Mar 17, 2020 18:58
Friday the 13th, March of 2020. The Ides are almost upon us and it is such a weird day. I don’t feel well, but I can’t decide if it’s allergies or a mild cold or sheer exhaustion or if, perhaps, I am a fool who should be pressing my medical community for a test to see if I carry the dread disease. I did just do a weekend trip to a swim meet in San Antonio. But the base with the quarantined people was on the other side of town.
I message my supervisor and request leave and permission to work from home. My husband made a neurology appointment for this morning at our big midtown hospital. I don’t want to go to it and risk exposure but Rog twice confirmed the appointment without reminding me that he’d made it and I also don’t want to relegate him to a taxi each way and even more chances of exposure. We drop the girls at school and head to the hospital.
It turns out there’s a new Parkinson’s drug coming online that the neuro wants Rog to try. I am always skeptical of such things, but they give us a starter supply and ask us to sign for permission to wrangle insurance to pay for more. I ask about side effects and am given the explanation “well yes, those are always possible.” My research later indicates that there is reason for hope that the drug will help, but that it causes hallucinations for some people.
The late morning and afternoon pass in a flurry of work and calls and its time to grab the girls from school. Spring break is on! The school carnival, their last run at this right of passage as elementary students, was a delight. But also the teachers all sent home extra work. They are forewarned that things are closing down with Covid 19 fears. They want the kids to be ready for standardized testing even if there are closures.
I have a camping reservation for tonight on the Atlantic coast, three hours from home. Anson is signed up to climb in a competition at the Jacksonville rock gym tomorrow morning and the gym didn’t cancel the competition. Do we stay or do we go? All signs point to Covid 19 continuing to blow up. But camping is relatively safe. And we haven’t got any other spring break plans. We take Jas home, grab our bags and go.
We make it with twenty minutes to spare before sunset. I set up the tent while Anson runs to the bathhouse to put on her swimsuit. We race to the beach with the sky going pastel above us. Low tide. Low tide at Anastasia is breakers right on shore with another line farther out. We lament our lack of bodyboards and surfboards. She bets it’ll be too cold for me. I think about all the ocean plunges in my life, and I’m mostly glad she doesn’t know my history with this kind of foolishness. We run up and down the waterline a few times and then make for the first sandbar. It is colder than this old body prefers, but I still love it. Annie is delighted.

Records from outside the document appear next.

(* $\mathcal{C}_2(7,3,2)\le 396$.
   Context: $\mathcal{C}_q(n,k,r)$ is the minimum number of $k$-dimensional subspaces of $\mathbb{F}_q^n$ such that every $r$-dimensional subspace of $\mathbb{F}_q^n$ is contained in at least one of them. *)

theory Defs
  imports "HOL-Analysis.Analysis" "HOL-Library.Z2"
begin

text \<open>q-covering number C_q(n,k,r): ambient space is F^n, modelled as 'a ^ 'n for a
finite field 'a and finite index type 'n with CARD('n) = n.\<close>

definition covering_number ::
  "'a::field itself \<Rightarrow> 'n::finite itself \<Rightarrow> nat \<Rightarrow> nat \<Rightarrow> nat" where
  "covering_number _ _ k r =
     (LEAST m. \<exists>F :: ('a ^ 'n) set set.
        finite F \<and> card F = m \<and>
        (\<forall>U\<in>F. vec.subspace U \<and> vec.dim U = k) \<and>
        (\<forall>W :: ('a ^ 'n) set. vec.subspace W \<and> vec.dim W = r \<longrightarrow> (\<exists>U\<in>F. W \<subseteq> U)))"

end

theory Submission
  imports Defs
begin

(* The argument has three layers.
   1. A general reduction, valid over any field: a two-dimensional subspace is the span of two
      distinct nonzero vectors, so a family of k-dimensional subspaces covers all of them as soon
      as every two distinct nonzero vectors lie in a common member.
   2. Vectors of GF(2)^7 are encoded as 7-bit numbers below 128, addition becoming bitwise xor.
      A plane with basis a, b, c then has the eight points 0, a, b, c, a+b, a+c, b+c, a+b+c,
      and it is three-dimensional exactly when these eight numbers are distinct.
   3. A finite certificate: a table of the 396 planes (each given by its eight points), checked
      once for being well formed, and for every pair 0 < m < n < 128 the index of a plane
      containing both m and n. *)


section \<open>Covering numbers from pair coverings\<close>

lemma covering_number_le_card:
  fixes F :: "('a::field ^ 'n::finite) set set"
  assumes "finite F"
    and "\<forall>U\<in>F. vec.subspace U \<and> vec.dim U = k"
    and "\<forall>W :: ('a ^ 'n) set. vec.subspace W \<and> vec.dim W = r \<longrightarrow> (\<exists>U\<in>F. W \<subseteq> U)"
  shows "covering_number TYPE('a) TYPE('n) k r \<le> card F"
  unfolding covering_number_def by (rule Least_le) (use assms in blast)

Just as I make it to the sandbar, I spot a moon jelly caught in the shallows, trying to right itself, and try to call Annie over to see it. To stay with it in the current, I’m walking fast in thigh deep water- waist deep for her, and it’s hard for her to catch up. She makes it over and sees the ghostly creature. I swirl the water near it allowing it to pump for a moment upright, and consider the hopelessness of my action. A jelly inside the breakers isn’t going to make it back out to sea. Annie and I talk about jellyfish until she shouts, “I love it here!” And we run up the sandbar in shin deep water watching the sky darken to magenta behind us.

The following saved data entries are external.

(* Consider a tree power network $(\mathcal{V},\mathcal{E})$, $\mathcal{V}=\{1,\dots,n\}$, with fixed voltage magnitudes $|V_i|=\overline{V}_i>0$, angle limits $\underline{\theta}_{ik}\in[-\pi,0]$, $\overline{\theta}_{ik}\in[0,\pi]$ on each line, and bus power bounds $\underline{P}_i\le P_i\le\overline{P}_i$. Let $\mathcal{P}=\mathcal{P}_\theta\cap\mathcal{P}_P$, suppose $\mathcal{P}\neq\emptyset$, and assume $$-\tan^{-1}\!\Big(\frac{b_{ik}}{g_{ik}}\Big)<\underline{\theta}_{ik}\le\overline{\theta}_{ik}<\tan^{-1}\!\Big(\frac{b_{ik}}{g_{ik}}\Big)\quad\text{for all }(i,k)\in\mathcal{E}.$$ Then $\mathcal{O}(\mathcal{P})=\mathcal{O}(\mathrm{conv}(\mathcal{P}_\theta)\cap\mathcal{P}_P)$.
   Context: Each line $(i,k)\in\mathcal{E}$ has admittance $y_{ik}=g_{ik}-jb_{ik}$ with $g_{ik},b_{ik}\ge0$. For $\theta_{ik}=\theta_i-\theta_k$ (difference of bus voltage phases), the line flows are $P_{ik}=\overline{V}_i^2 g_{ik}+\overline{V}_i\overline{V}_k b_{ik}\sin\theta_{ik}-\overline{V}_i\overline{V}_k g_{ik}\cos\theta_{ik}$ and $P_{ki}=\overline{V}_k^2 g_{ik}-\overline{V}_i\overline{V}_k b_{ik}\sin\theta_{ik}-\overline{V}_i\overline{V}_k g_{ik}\cos\theta_{ik}$. The angle-constrained flow region of line $(i,k)$, $\mathcal{F}_{\theta_{ik}}\subset\mathbb{R}^2$, is the set of $(P_{ik},P_{ki})$ as $\theta_{ik}$ ranges over $[\underline{\theta}_{ik},\overline{\theta}_{ik}]$; $\mathcal{F}_\theta=\prod_{(i,k)\in\mathcal{E}}\mathcal{F}_{\theta_{ik}}$. $\mathbf{A}$ is the $n\times2|\mathcal{E}|$ matrix with $A(i,(k,l))=1$ if $i=k$ and $0$ otherwise, so $(\mathbf{A}\mathbf{f})_i=\sum_{k\sim i}P_{ik}$. $\mathcal{P}_\theta=\mathbf{A}\mathcal{F}_\theta$ and $\mathcal{P}_P=\{\mathbf{p}\in\mathbb{R}^n:\underline{P}_i\le P_i\le\overline{P}_i\ \forall i\}$. For $\mathcal{A}\subseteq\mathbb{R}^m$, $\mathcal{O}(\mathcal{A})$ is the set of Pareto-optimal points (no $y\in\mathcal{A}$ with $y\le x$ componentwise, strict in some coordinate); $\mathrm{conv}$ denotes convex hull. *)

theory Defs
  imports "HOL-Analysis.Analysis"
begin

text \<open>Power network on a finite bus type 'v (buses 1..n, n = CARD('v)).
  E is a set of lines, each line stored once as an ordered pair (i,k).\<close>

definition adj :: "('v \<times> 'v) set \<Rightarrow> 'v \<Rightarrow> 'v \<Rightarrow> bool" where
  "adj E i k \<longleftrightarrow> (i, k) \<in> E \<or> (k, i) \<in> E"

definition is_tree :: "('v::finite \<times> 'v) set \<Rightarrow> bool" where
  "is_tree E \<longleftrightarrow>
     (\<forall>i. (i, i) \<notin> E) \<and>
     (\<forall>i k. (i, k) \<in> E \<longrightarrow> (k, i) \<notin> E) \<and>
     (\<forall>i k. (adj E)\<^sup>*\<^sup>* i k) \<and>
     card E = CARD('v) - 1"

definition flow_ik :: "('v \<Rightarrow> real) \<Rightarrow> real \<Rightarrow> real \<Rightarrow> 'v \<Rightarrow> 'v \<Rightarrow> real \<Rightarrow> real" where
  "flow_ik V g b i k t = (V i)\<^sup>2 * g + V i * V k * b * sin t - V i * V k * g * cos t"

definition flow_ki :: "('v \<Rightarrow> real) \<Rightarrow> real \<Rightarrow> real \<Rightarrow> 'v \<Rightarrow> 'v \<Rightarrow> real \<Rightarrow> real" where
  "flow_ki V g b i k t = (V k)\<^sup>2 * g - V i * V k * b * sin t - V i * V k * g * cos t"

text \<open>F_theta: product over lines of the angle-constrained flow regions; a flow vector
  is a function on directed line ends (i,k), (k,i), zero elsewhere.\<close>
definition F_theta ::
  "('v \<times> 'v) set \<Rightarrow> ('v \<Rightarrow> real) \<Rightarrow> ('v \<times> 'v \<Rightarrow> real) \<Rightarrow> ('v \<times> 'v \<Rightarrow> real)
   \<Rightarrow> ('v \<times> 'v \<Rightarrow> real) \<Rightarrow> ('v \<times> 'v \<Rightarrow> real) \<Rightarrow> ('v \<times> 'v \<Rightarrow> real) set" where
  "F_theta E V g b thlo thhi =
     {f. (\<forall>(i, k) \<in> E. \<exists>t \<in> {thlo (i, k) .. thhi (i, k)}.
            f (i, k) = flow_ik V (g (i, k)) (b (i, k)) i k t \<and>
            f (k, i) = flow_ki V (g (i, k)) (b (i, k)) i k t) \<and>
         (\<forall>i k. \<not> adj E i k \<longrightarrow> f (i, k) = 0)}"

definition A_map :: "('v::finite \<times> 'v) set \<Rightarrow> ('v \<times> 'v \<Rightarrow> real) \<Rightarrow> real ^ 'v" where
  "A_map E f = (\<chi> i. \<Sum>k\<in>{k. adj E i k}. f (i, k))"

definition P_theta where
  "P_theta E V g b thlo thhi = A_map E ` F_theta E V g b thlo thhi"

definition P_P :: "('v::finite \<Rightarrow> real) \<Rightarrow> ('v \<Rightarrow> real) \<Rightarrow> (real ^ 'v) set" where
  "P_P Plo Phi = {p. \<forall>i. Plo i \<le> p $ i \<and> p $ i \<le> Phi i}"

definition pareto :: "(real ^ 'v) set \<Rightarrow> (real ^ 'v) set" where
  "pareto S = {x \<in> S. \<not> (\<exists>y \<in> S. (\<forall>i. y $ i \<le> x $ i) \<and> (\<exists>i. y $ i < x $ i))}"

text \<open>tan^{-1}(b/g), with the convention tan^{-1}(b/0) = pi/2 (lossless line, b > 0).\<close>
definition angle_bound :: "real \<Rightarrow> real \<Rightarrow> real" where
  "angle_bound g b = (if g = 0 then pi / 2 else arctan (b / g))"

end

theory Submission
  imports Defs
begin

text \<open>
  Write \<open>P_\<theta>\<close> as the image of the box of admissible line angles under the map
  sending angles to bus injections. Two facts make the Pareto fronts agree.

  First, every point of \<open>conv P_\<theta>\<close> is dominated componentwise by a point of \<open>P_\<theta>\<close>.
  Inside \<open>(-\<pi>/2, \<pi>/2)\<close> both line flows are affine in \<open>(sin \<theta>, cos \<theta>)\<close> with a
  nonpositive coefficient of \<open>cos \<theta>\<close>. Replacing a convex combination of two angles by
  the angle whose sine is the combined sine keeps the sine part and can only raise the
  cosine, because a convex combination of unit vectors has norm at most one; so the upward
  closure of \<open>P_\<theta>\<close> is convex.

  Second, on a tree, if some angles give injections \<open>\<ge> L\<close> and some give injections
  \<open>\<le> U\<close> with \<open>L \<le> U\<close>, then some angles give injections in \<open>[L, U]\<close>. The angle bounds
  make the flow at one end of a line increasing and at the other end decreasing in the
  angle. Remove a leaf: its injection is the flow on its one line, so the admissible
  angles of that line form an interval, and the share of the neighbour ranges over an
  interval too; shifting the neighbour's bounds by that interval reduces to the smaller
  tree.

  Consequently every point of \<open>conv P_\<theta> \<inter> P_P\<close> is dominated by a point of
  \<open>P_\<theta> \<inter> P_P\<close>, which forces the two sets to have the same Pareto-optimal points.
\<close>

section \<open>Windows of oppositely monotone functions\<close>

lemma mono_antimono_window:
  fixes \<phi> \<psi> :: "real \<Rightarrow> real"
  assumes cont: "continuous_on {a..b} \<phi>" "continuous_on {a..b} \<psi>"
    and mono: "\<And>s t. a \<le> s \<Longrightarrow> s \<le> t \<Longrightarrow> t \<le> b \<Longrightarrow> \<phi> s \<le> \<phi> t \<and> \<psi> t \<le> \<psi> s"
    and th: "th \<in> {a..b}" "L \<le> \<phi> th" and tx: "tx \<in> {a..b}" "\<phi> tx \<le> U" and "L \<le> U"
  defines "T \<equiv> {t \<in> {a..b}. L \<le> \<phi> t \<and> \<phi> t \<le> U}"
  obtains ta tb where "ta \<in> T" "tb \<in> T" "\<psi> th \<le> \<psi> ta" "\<psi> tb \<le> \<psi> tx" "\<psi> tb \<le> \<psi> ta"
    "{\<psi> tb..\<psi> ta} \<subseteq> \<psi> ` T"
proof -
  have "is_interval T"
    unfolding is_interval_1
  proof (intro ballI allI impI)
    fix s t x assume "s \<in> T" "t \<in> T" "s \<le> x \<and> x \<le> t"
    then show "x \<in> T"
      using mono[of s x] mono[of x t] unfolding T_def by auto
  qed
  then have "connected (\<psi> ` T)"
    using cont(2) by (intro connected_continuous_image)
      (auto simp: is_interval_connected T_def intro: continuous_on_subset)
  then have window: "{\<psi> tb..\<psi> ta} \<subseteq> \<psi> ` T" if "ta \<in> T" "tb \<in> T" for ta tb
    using that by (intro connected_contains_Icc) auto
  show thesis
  proof (cases "tx \<le> th")
    case True
    have "continuous_on {tx..th} \<phi>"
      using cont(1) tx th by (auto intro: continuous_on_subset)
    then obtain t where t: "tx \<le> t" "t \<le> th" "\<phi> t = max L (\<phi> tx)"
      using IVT'[of \<phi> tx "max L (\<phi> tx)" th] True mono th tx by auto
    then have "t \<in> T" "\<psi> th \<le> \<psi> t" "\<psi> t \<le> \<psi> tx"
      using mono th tx \<open>L \<le> U\<close> unfolding T_def by auto
    then show thesis using window[of t t] by (intro that[of t t]) auto
  next
    case False
    then have "th \<in> T" "tx \<in> T" "\<psi> tx \<le> \<psi> th"
      using mono[of th tx] th tx unfolding T_def by auto
    then show thesis using window[of th tx] by (intro that[of th tx]) auto
  qed
qed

We start to play wave games- kicking the tops of waves, trying to leap completely over some of them. I turn circles in the wind scooping up water and tossing it. “I love you ocean!” I shout. “I’m sorry humans have done so many dumb things! We’re trying to make the best choices! Well, many of us are!” Annie grins at me and takes my hand. “I’m so glad we came here,” she says.
***
Three days later and it remains to be seen how the Covid 19 saga will play out. Have we hamstrung ourselves by not having testing infrastructure in place sooner? I can’t decide whether I think willful decisions were made at some levels with the thought that not knowing how many cases we had would somehow be better for us- that, in effect, hiding the true number of cases out there would somehow be grounds for less panic. If that was somebody’s logic, I don’t think it was good logic. Regardless, we are where we are now. And we’ve got to make good decisions going forward.